_What you need to do_: Read through the listing below and return only the lines containing "rule".

★ ★ ★ ★

(* In the $q$-shuffle algebra $\mathbb V$, the following three subalgebras coincide: (i) the subalgebra generated by $\{C_n\}_{n=1}^\infty$; (ii) the subalgebra generated by $\{D_n\}_{n=1}^\infty$; (iii) the subalgebra generated by $\{\tilde G_n\}_{n=1}^\infty$.
   Context: Let $\mathbb F$ be a field and let $q\in\mathbb F$ be nonzero and not a root of unity. Let $[m]_q=(q^m-q^{-m})/(q-q^{-1})$. Let $\mathbb V$ be the free associative $\mathbb F$-algebra on noncommuting $x,y$, with basis the words (including $1$). Juxtaposition denotes concatenation. Set $\langle x,x\rangle=\langle y,y\rangle=2$ and $\langle x,y\rangle=\langle y,x\rangle=-2$. The $q$-shuffle product $\star$ is the bilinear product determined as follows: - $1\star v=v\star 1=v$; - for nontrivial words $u=u_1\cdots u_r$ and $v=v_1\cdots v_s$, $$u\star v=u_1((u_2\cdots u_r)\star v)+v_1(u\star(v_2\cdots v_s))q^{\langle u_1,v_1\rangle+\cdots+\langle u_r,v_1\rangle}.$$ This makes $\mathbb V$ an associative algebra, the $q$-shuffle algebra. Subalgebras are taken with respect to $\star$. For $k\in\mathbb N$, let $\tilde G_k=xyxy\cdots xy$ be the word of length $2k$, with $\tilde G_0=1$. Define $D_0=1$ and, for $n\ge1$, define $D_n$ recursively by $\sum_{i=0}^n D_i\star\tilde G_{n-i}=0$. Let $\overline x=1$ and $\overline y=-1$. A word $v_1\cdots v_m$ is Catalan if $\overline v_1+\cdots+\overline v_i\ge0$ for $1\le i\le m-1$ and $\overline v_1+\cdots+\overline v_m=0$. For $n\in\mathbb N$, $$C_n=\sum v_1\cdots v_{2n}\,[1]_q[1+\overline v_1]_q\cdots[1+\overline v_1+\cdots+\overline v_{2n}]_q,$$ where the sum is over Catalan words of length $2n$. *)

theory Defs
  imports Main
begin

datatype letter = X | Y

type_synonym word = "letter list"

text \<open>Elements of the free algebra V over a field 'a are represented as
  functions from words to coefficients (finitely supported in practice).\<close>
type_synonym 'a vect = "word \<Rightarrow> 'a"
(* Let $(\mathbf C,I)$ be an orthogonally based finite-type chain complex of real inner product spaces and let $M$ be an $(n,n-1)$-free Morse matching on it, with Morse retraction $\Phi:\mathbf C^M\to\mathbf C$, $\Psi:\mathbf C\to\mathbf C^M$. Then (1) $\Phi_n:\mathbf C_n^M\to\mathbf C_n$ and (2) $\Psi_{n-1}^\dagger:\mathbf C^M_{n-1}\to\mathbf C_{n-1}$ are the subspace inclusions, and hence isometries.
   Context: Based chain complex: chain complex $(\mathbf C,\partial)$ of finite-dimensional real inner product spaces $\mathbf C_n$, $n\ge0$, with disjoint finite index sets $I_n$ and $\mathbf C_n=\bigoplus_{\alpha\in I_n}C_\alpha$; orthogonally based means $C_\alpha\perp C_{\alpha'}$ for $\alpha\ne\alpha'$. $\partial_{\beta,\alpha}=\pi_\beta\partial_n i_\alpha$. Graph: edges $\alpha\to\beta$ when $\partial_{\beta,\alpha}\ne0$. Morse matching: edge set $M$ with each cell on at most one edge, $\partial_{\beta,\alpha}$ an isomorphism for $\alpha\to\beta\in M$, and "directed path from $\alpha$ to $\beta$ in the graph with $M$ reversed" a partial order on each $I_n$; $M^0$ = unmatched cells. $M$ is $(n,n-1)$-free if no edge of $M$ joins an $n$-cell to an $(n-1)$-cell. With $\Gamma_{\beta,\alpha}$ the sum over directed paths from $\alpha$ to $\beta$ in the reversed graph of composites of $\partial_{\sigma_{i+1},\sigma_i}$ (ordinary steps) and $-\partial_{\sigma_i,\sigma_{i+1}}^{-1}$ (reversed matched edges), trivial path giving the identity: $\mathbf C^M_n=\bigoplus_{\alpha\in I_n\cap M^0}C_\alpha$ (restricted inner product), $\Phi(x)=\sum_{\beta\in I_n}\Gamma_{\beta,\alpha}(x)$ for $x\in C_\alpha$, $\alpha\in M^0\cap I_n$, and $\Psi(x)=\sum_{\beta\in M^0\cap I_n}\Gamma_{\beta,\alpha}(x)$ for $x\in C_\alpha$, $\alpha\in I_n$. $\dagger$ denotes adjoint. *)

theory Defs
  imports "HOL-Analysis.Analysis"
begin
lemma balance_game_add_to:
  assumes "(T, P') \<in> emb (N - {i})" "B \<in> insert {} P'"
  shows "balance_game i S P T (add_to P' i B) = (if (T, P') = (S, P) then 1 else 0)"
  using assms remove_point_add_to[of "N - {i} - T" P' i B]
  by (auto simp: balance_game_def emb_def partitions_def)

lemma p_shapley_balance_game:
  assumes N: "finite N" and S: "S \<subseteq> N - {i}" and P: "partition_on (N - insert i S) P"
  shows "p_shapley p N (balance_game i S P) i = p N (insert (insert i S) P)
    - real (card S) / (real (card N) - real (card S)) * (\<Sum>B\<in>insert {} P. p N (insert S (add_to P i B)))"
    (is "_ = ?G")
proof -
  have "p_shapley p N (balance_game i S P) i = (\<Sum>x\<in>emb (N - {i}). if x = (S, P) then ?G else 0)"
    unfolding p_shapley_def
  proof (intro sum.cong refl, clarify)
    fix T P' assume TP': "(T, P') \<in> emb (N - {i})"
    have iS: "i \<notin> S" and iT: "i \<notin> T" using S TP' by (auto simp: emb_def)
    show "p N (insert (insert i T) P') * balance_game i S P (insert i T) P'
      - real (card T) / (real (card N) - real (card T))
        * (\<Sum>B\<in>insert {} P'. p N (insert T (add_to P' i B)) * balance_game i S P T (add_to P' i B))
      = (if (T, P') = (S, P) then ?G else 0)"
      using balance_game_insert_player[OF iT iS] balance_game_add_to[OF TP']
      by (cases "(T, P') = (S, P)") auto
  qed
  moreover have "(S, P) \<in> emb (N - {i})"
    using S P by (simp add: emb_def partitions_def Diff_insert2[symmetric])
  moreover have "finite (emb (N - {i}))" using N by (simp add: emb_eq_Sigma finite_partitions)
  ultimately show ?thesis by (simp add: sum.delta)
qed

lemma monotonicity_p_shapley_imp_balance:
  assumes mono: "monotonicity U (p_shapley p)" and N: "finite N" "N \<subseteq> U" and i: "i \<in> N"
    and S: "S \<subseteq> N - {i}" "S \<noteq> {}" and P: "partition_on (N - insert i S) P"
  shows "p N (insert (insert i S) P)
    = real (card S) / (real (card N) - real (card S)) * (\<Sum>B\<in>insert {} P. p N (insert S (add_to P i B)))"
proof -
  have "0 = p_shapley p N (\<lambda>_ _. 0) i" by (simp add: p_shapley_def)
  also have "\<dots> = p_shapley p N (balance_game i S P) i"
  proof (rule monotonicity_imp_eq_if_equal_contributions[OF mono N(2) i, symmetric])
    show "tux_game N (balance_game i S P)" "tux_game N (\<lambda>_ _. 0)"
      using S by (auto simp: tux_game_def balance_game_def)
    show "balance_game i S P (insert i T) P' - balance_game i S P T (add_to P' i B) = 0 - 0"
      if "(T, P') \<in> emb (N - {i})" "B \<in> insert {} P'" for T P' B
    proof -
      have iS: "i \<notin> S" and iT: "i \<notin> T" using S that(1) by (auto simp: emb_def)
      then show ?thesis using balance_game_insert_player[OF iT iS] balance_game_add_to[OF that] by simp
    qed
  qed
  also have "\<dots> = p N (insert (insert i S) P)
    - real (card S) / (real (card N) - real (card S)) * (\<Sum>B\<in>insert {} P. p N (insert S (add_to P i B)))"
    using N(1) S(1) P by (rule p_shapley_balance_game)
  finally show ?thesis by simp
qed
theorem lemma6:
  fixes \<Omega> :: "(complex^('n::{finite,linorder})) set"
    and \<rho> :: "complex^('n::{finite,linorder}) \<Rightarrow> real"
    and A :: "complex^('n::{finite,linorder})^('n::{finite,linorder})"
  assumes "CARD('n) \<ge> 2"
    and "strongly_convex_domain \<Omega> \<rho>"
    and "0 \<in> frontier \<Omega>"
    and "hermitian_pos_def A"
    and "\<exists>M \<delta>. \<delta> > 0 \<and> (\<forall>z. norm z < \<delta> \<longrightarrow>
           \<bar>\<rho> z - (2 * Re (z$lastidx) + Re (herm_form A z))\<bar> \<le> M * norm z ^ 3)"
  shows "\<exists>c \<epsilon>0 r. c > 0 \<and> \<epsilon>0 > 0 \<and> r > 0 \<and>
           (\<forall>\<eta> \<epsilon>. 0 < \<eta> \<and> \<eta> < \<epsilon>0 \<and> 0 < \<epsilon> \<and> \<epsilon> < \<epsilon>0 \<longrightarrow>
              Dext \<Omega> \<rho> 0 \<eta> \<epsilon> \<inter> ball 0 r \<subseteq> D0 \<Omega> (c * \<eta>) (c * \<epsilon>) \<and>
              D0 \<Omega> \<eta> \<epsilon> \<subseteq> Dext \<Omega> \<rho> 0 (c * \<eta>) (c * \<epsilon>))"
proof -
  obtain M \<delta> where "0 < \<delta>" and "\<forall>z. norm z < \<delta> \<longrightarrow>
      \<bar>\<rho> z - (2 * Re (z$lastidx) + Re (herm_form A z))\<bar> \<le> M * norm z ^ 3"
    using assms(5) by blast
  moreover have "\<Omega> = {z. \<rho> z < 0}"
    using assms(2) unfolding strongly_convex_domain_def by blast
  ultimately interpret quadratic_defining_function \<Omega> \<rho>
      "(\<Sum>j\<in>UNIV. \<Sum>k\<in>UNIV. cmod (A$j$k)) + \<bar>M\<bar> + 1" "min \<delta> 1"
    by (intro quadratic_defining_function_of_cubic_expansion) auto
  have "(0 :: real) < 4"
    by simp
  with Dext_0_D0_comparable show ?thesis
    by blast
qed

end
lemma card_through_pairs:
  assumes "orientation V ori" "u \<in> V" "\<forall>x\<in>V. degree V E x \<le> \<Delta>" "\<Delta> \<ge> 2"
    and "diameter V E \<ge> 2"
  shows "card (through_pairs ori u)
         \<le> diameter V E ^ 2 * (\<Delta> ^ 2 * (\<Delta> - 1) ^ (diameter V E - 2))"
    (is "card ?P \<le> ?D ^ 2 * ?K")
proof -
  have split: "?P = {p \<in> ?P. fst p = u \<or> snd p = u} \<union> {p \<in> ?P. fst p \<noteq> u \<and> snd p \<noteq> u}"
    by blast
  have "card ?P \<le> card {p \<in> ?P. fst p = u \<or> snd p = u}
                   + card {p \<in> ?P. fst p \<noteq> u \<and> snd p \<noteq> u}"
    by (subst split) (rule card_Un_le)
  also have "\<dots> \<le> ?D * ?K + (?D - 1) ^ 2 * ?K"
    using card_through_pairs_at_u[OF assms] card_through_pairs_off_u[OF assms(2-4)]
    by (rule add_mono)
  also have "\<dots> = (?D + (?D - 1) ^ 2) * ?K" by (simp add: add_mult_distrib)
  also have "\<dots> \<le> ?D ^ 2 * ?K"
  proof -
    have "?D + (?D - 1) ^ 2 \<le> ?D ^ 2"
      using assms(5) by (cases ?D) (auto simp: power2_eq_square)
    then show ?thesis by simp
  qed
  finally show ?thesis .
qed

end

theorem mainTheorem3:
  fixes V :: "'a set" and E :: "'a \<Rightarrow> 'a \<Rightarrow> bool" and \<Delta> :: nat
    and ori :: "'a \<Rightarrow> 'a \<Rightarrow> bool" and u :: 'a
  assumes "simple_graph V E"
    and "connected_graph V E"
    and "\<forall>x\<in>V. degree V E x \<le> \<Delta>"
    and "\<Delta> \<ge> 2"
    and "diameter V E \<ge> 2"
    and "orientation V ori"
    and "u \<in> V"
  shows "vertex_flow V E ori u
           \<le> real \<Delta> ^ 2 * (real \<Delta> - 1) ^ (diameter V E - 2) * real (diameter V E) ^ 2"
proof -
  interpret connected_simple_graph V E using assms(1,2) by unfold_locales
  let ?D = "diameter V E"
  have "vertex_flow V E ori u \<le> real (card (through_pairs ori u))"
    by (rule vertex_flow_le_card_through_pairs)
  also have "\<dots> \<le> real (?D ^ 2 * (\<Delta> ^ 2 * (\<Delta> - 1) ^ (?D - 2)))"
    using card_through_pairs[OF assms(6,7,3,4,5)] by (rule of_nat_mono)
  also have "\<dots> = real \<Delta> ^ 2 * (real \<Delta> - 1) ^ (?D - 2) * real ?D ^ 2"
    using assms(4) by (simp add: of_nat_diff)
  finally show ?thesis .
qed

end
lemma At1_formula_recurrence:
  fixes l y :: real
  assumes "l > -1/2" "y \<ge> 2"
  shows "At1_formula l y - At1_formula l (y - 1)
    = Qt_diff_coeff l y * (At1_formula l (y - 1) - At1_formula l (y - 2)) + Qt_mu_coeff l y"
proof -
  have "2*l + 1 \<noteq> 0" "y - 1 + l \<noteq> 0" "2*y - 3 + l \<noteq> 0" "2*y - 3 + 2*l \<noteq> 0"
    using assms by auto
  then show ?thesis
    unfolding At1_formula_def Qt_diff_coeff_def Qt_mu_coeff_def
    by (simp add: divide_simps) algebra
qed

lemma D2_formula_recurrence:
  fixes l y :: real
  assumes "l > -1/2" "y \<ge> 2"
  shows "D2_formula l y = Q_diff_coeff l y * D2_formula l (y - 1) + Q_mu_coeff l y * A1_formula l (y - 1)"
proof -
  have "2*l + 1 \<noteq> 0" "2*l + 3 \<noteq> 0" "2*l + 5 \<noteq> 0"
    "y - 1 + l \<noteq> 0" "2*y - 2 + l \<noteq> 0" "2*y - 1 + 2*l \<noteq> 0"
    using assms by auto
  then show ?thesis
    unfolding D2_formula_def A1_formula_def Q_diff_coeff_def Q_mu_coeff_def
    by (simp add: divide_simps) algebra
qed

lemma Dt2_formula_recurrence:
  fixes l y :: real
  assumes "l > -1/2" "y \<ge> 2"
  shows "Dt2_formula l y = Qt_diff_coeff l y * Dt2_formula l (y - 1) + Qt_mu_coeff l y * At1_formula l (y - 1)"
proof -
  have "2*l + 1 \<noteq> 0" "2*l + 3 \<noteq> 0" "2*l + 5 \<noteq> 0"
    "y - 1 + l \<noteq> 0" "2*y - 3 + l \<noteq> 0" "2*y - 3 + 2*l \<noteq> 0"
    using assms by auto
  then show ?thesis
    unfolding Dt2_formula_def At1_formula_def Qt_diff_coeff_def Qt_mu_coeff_def
    by (simp add: divide_simps) algebra
qed

lemma Q_mu_coeff_A1_formula:
  "Q_mu_coeff l y * A1_formula l (y - 1)
    = 2 * (y - 1) * y ^ 2 * (y - 1 + l) * (y + l) * (2 * y - 1 + l) * (2 * y + l)
      / ((2 * l + 1) * (2 * y - 1 + 2 * l))"
  unfolding Q_mu_coeff_def A1_formula_def divide_inverse inverse_mult_distrib
  by (simp add: algebra_simps power2_eq_square)

lemma Qt_mu_coeff_At1_formula:
  fixes l y :: real
  assumes "l > -1/2" "y \<ge> 2"
  shows "Qt_mu_coeff l y * At1_formula l (y - 1)
    = (y - 1) * (2 * y - 1) * (2 * y - 2 + l) * (2 * y - 1 + l) * (y ^ 2 + (l - 2) * y - l + 1 / 2)
      / (2 * (2 * l + 1))"
proof -
  have "2*l + 1 \<noteq> 0" "y - 1 + l \<noteq> 0"
    using assms by auto
  then show ?thesis
    unfolding Qt_mu_coeff_def At1_formula_def
    by (simp add: divide_simps) algebra
qed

★ ★ ★ ★

_Solved exercise_:
  proof (rule monotonicity_imp_eq_if_equal_contributions[OF mono N(2) i, symmetric])
    using N(1) S(1) P by (rule p_shapley_balance_game)
    by (subst split) (rule card_Un_le)
    by (rule add_mono)
    by (rule vertex_flow_le_card_through_pairs)
    using card_through_pairs[OF assms(6,7,3,4,5)] by (rule of_nat_mono)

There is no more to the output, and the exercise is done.